S. H. : On remarque que, dans certains organes de gouvernance, les intérêts personnels sont encore malheureusement trop souvent privilégiés. Il n’y a pas assez de membres indépendants, alors qu’ils apportent un véritable soutien aux entreprises sur le développement de leur stratégie et leur efficacité. En ce sens, la formation sur la gouvernance peut permettre à ces talents de prendre conscience de leur valeur en tant qu'administrateurs indépendants, talents qui auront aussi toute la connaissance des enjeux liés à cette mission en étant formés.

Vous avez évoqué le cas des jeunes femmes qui ne se projettent peut-être pas assez dans ce type de fonction. Est-ce que la formation peut jouer le rôle de tremplin selon vous ?

A. B. : Les femmes sont extrêmement demandeuses de ce type de formation. Elles font parfois face à un problème de posture et de confiance même lorsqu’elles ont déjà atteint des postes à haut niveau. Elles entrent donc plus facilement dans des démarches d’apprentissage avant de prendre une nouvelle mission.

C’est important de parler de ces sujets à toutes les femmes, même les plus jeunes qui ne brigueront pas ce type de mission avant trois ou quatre ans. Il faut éduquer et former le plus tôt possible sur ces sujets, afin d’éviter de se retrouver freinée par ce manque de connaissance.

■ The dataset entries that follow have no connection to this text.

lemma gpa_x_Suc:
  "gpa_x mu z (Suc t) = mu *\<^sub>R gpa_x mu z t + (1 - mu) *\<^sub>R z (Suc t)"
  by (cases t) (simp_all add: algebra_simps)

lemma gpa_step_bound:
  fixes F :: "'v::real_inner \<Rightarrow> real"
  assumes convex: "convex_on UNIV F"
    and subgradient: "\<And>v. F y + g \<bullet> (v - y) \<le> F v"
    and mu: "0 \<le> mux" "mux < 1" "0 \<le> muy" "muy < 1"
    and x: "x = mux *\<^sub>R p + (1 - mux) *\<^sub>R w"
    and y: "y = muy *\<^sub>R x + (1 - muy) *\<^sub>R w"
  shows "F x - F xs - mux * (F p - F xs) \<le> (1 - mux) * (g \<bullet> (w - xs))"
proof -
  define D where "D = 1 - mux * muy"
  define lam where "lam = (1 - mux) / D"
  have muxy_le: "mux * muy \<le> mux"
    using mu mult_left_le[of muy mux] by simp
  then have D_pos: "0 < D"
    using mu by (simp add: D_def)
  have lam_range: "0 \<le> lam" "lam \<le> 1"
    using D_pos muxy_le mu by (auto simp: lam_def D_def)
  have lam_D: "lam * D = 1 - mux"
    using D_pos by (simp add: lam_def)
  have y_pw: "y = (mux * muy) *\<^sub>R p + D *\<^sub>R w"
    by (simp add: y x D_def algebra_simps)
  have "(1 - lam) *\<^sub>R p + lam *\<^sub>R y = (1 - lam * D) *\<^sub>R p + (lam * D) *\<^sub>R w"
    by (simp add: y_pw D_def algebra_simps)
  then have "x = (1 - lam) *\<^sub>R p + lam *\<^sub>R y"
    by (simp add: lam_D x)
  then have convexity: "F x \<le> (1 - lam) * F p + lam * F y"
    using convex_onD[OF convex, of lam p y] lam_range by simp
  have "D *\<^sub>R (w - xs) = D *\<^sub>R (y - xs) + (mux * muy) *\<^sub>R (y - p)"
    by (simp add: y_pw D_def algebra_simps)
  then have "D * (g \<bullet> (w - xs)) = D * (g \<bullet> (y - xs)) + (mux * muy) * (g \<bullet> (y - p))"
    by (metis inner_add_right inner_scaleR_right)
  also have "\<dots> \<ge> D * (F y - F xs) + (mux * muy) * (F y - F p)"
    using subgradient[of xs] subgradient[of p] D_pos mu
    by (intro add_mono mult_left_mono) (auto simp: inner_diff_right)
  finally have "lam * (D * (F y - F xs) + (mux * muy) * (F y - F p)) \<le> lam * (D * (g \<bullet> (w - xs)))"
    using lam_range by (intro mult_left_mono)
  moreover have "lam * (mux * muy) = lam - (1 - mux)"
    using lam_D by (simp add: D_def algebra_simps)
  ultimately have "(1 - mux) * (F y - F xs) + (lam - (1 - mux)) * (F y - F p) \<le> (1 - mux) * (g \<bullet> (w - xs))"
    by (simp add: distrib_left flip: mult.assoc lam_D)
  with convexity show ?thesis
    by (simp add: algebra_simps)
qed

lemma gpa_telescoped_bound:
  fixes F :: "'v::real_inner \<Rightarrow> real" and z :: "nat \<Rightarrow> 'v"
  assumes convex: "convex_on UNIV F"
    and subgradient: "\<And>x v. F x + g x \<bullet> (v - x) \<le> F v"
    and mu: "0 \<le> mux" "mux < 1" "0 \<le> muy" "muy < 1"
  shows "(1 - mux) * (\<Sum>t = 1..T. F (gpa_x mux z t) - F xs) + mux * (F (gpa_x mux z T) - F xs)
    \<le> (1 - mux) * (\<Sum>t = 1..T. g (gpa_y mux muy z t) \<bullet> (z t - xs)) + mux * (F (z 1) - F xs)"
proof (induction T)
  case 0
  then show ?case by simp
next
  case (Suc T)
  have "F (gpa_x mux z (Suc T)) - F xs - mux * (F (gpa_x mux z T) - F xs)
    \<le> (1 - mux) * (g (gpa_y mux muy z (Suc T)) \<bullet> (z (Suc T) - xs))"
    using convex subgradient mu gpa_x_Suc gpa_y_def by (rule gpa_step_bound)
  with Suc.IH show ?case
    by (simp add: algebra_simps)
qed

Les fondateurs de startups et de scaleups doivent eux aussi être formés à ces sujets, pour développer une démarche plus professionnelle et apprendre à bien s’entourer. 

S. H. : Les jeunes femmes sont plus audacieuses, elles sont déjà plus présentes dans l'écosystème tech. On travaille avec nos talents avant leur placement, pendant et après. Notre objectif est de les faire grandir avec nous, tout au long de leur carrière.

De nombreuses femmes sont déjà conquises par les sujets de gouvernance, mais nous devons convaincre les autres de son importance. Les médias jouent un rôle en ce sens. La réalisation de podcast qui donnent la parole à ces femmes est aussi très positive.

La situation a du mal à évoluer comme en témoignent les chiffres de l’étude. Faut-il imposer des quotas ou les entreprises ont-elles déjà pris conscience de l’enjeu ?

A. B. : Nous ne sommes plus dans l’évangélisation, mais dans l’action. Cependant, il faut des impulsions plus fortes comme des pactes ou des engagements législatifs. La loi Copé-Zimmermann de 2011 [qui impose 40 % de femmes dans les conseils d’administration, N.D.L.R.] a permis à la France de devenir la meilleure élève de l’Europe en la matière. Quoi que l’on en pense, cela prouve que les quotas fonctionnent et qu’à un moment donné, ils sont nécessaires afin de rétablir artificiellement une situation tant que celle-ci n’est pas naturelle. Si les sociétés ne sont pas contraintes, elles mettront beaucoup plus de temps à traiter le sujet.

S. H. : Le pacte parité, tout comme la charte Sista, contribuent à tracer la route, mais il faut créer un cadre législatif. La première initiative de Clara Chappaz a été le pacte parité, qui fixe l'objectif de 40 % de femmes dans les boards d’ici à 2028. L'écosystème tech est petit, mais il a un potentiel énorme et il a la capacité de transformer d’autres secteurs, car il travaille avec de grandes entreprises.

Les LPs s’emparent aussi du sujet. Quand les entreprises expliquent travailler avec nous, c’est un argument qui rassure aussi les fonds d’investissement.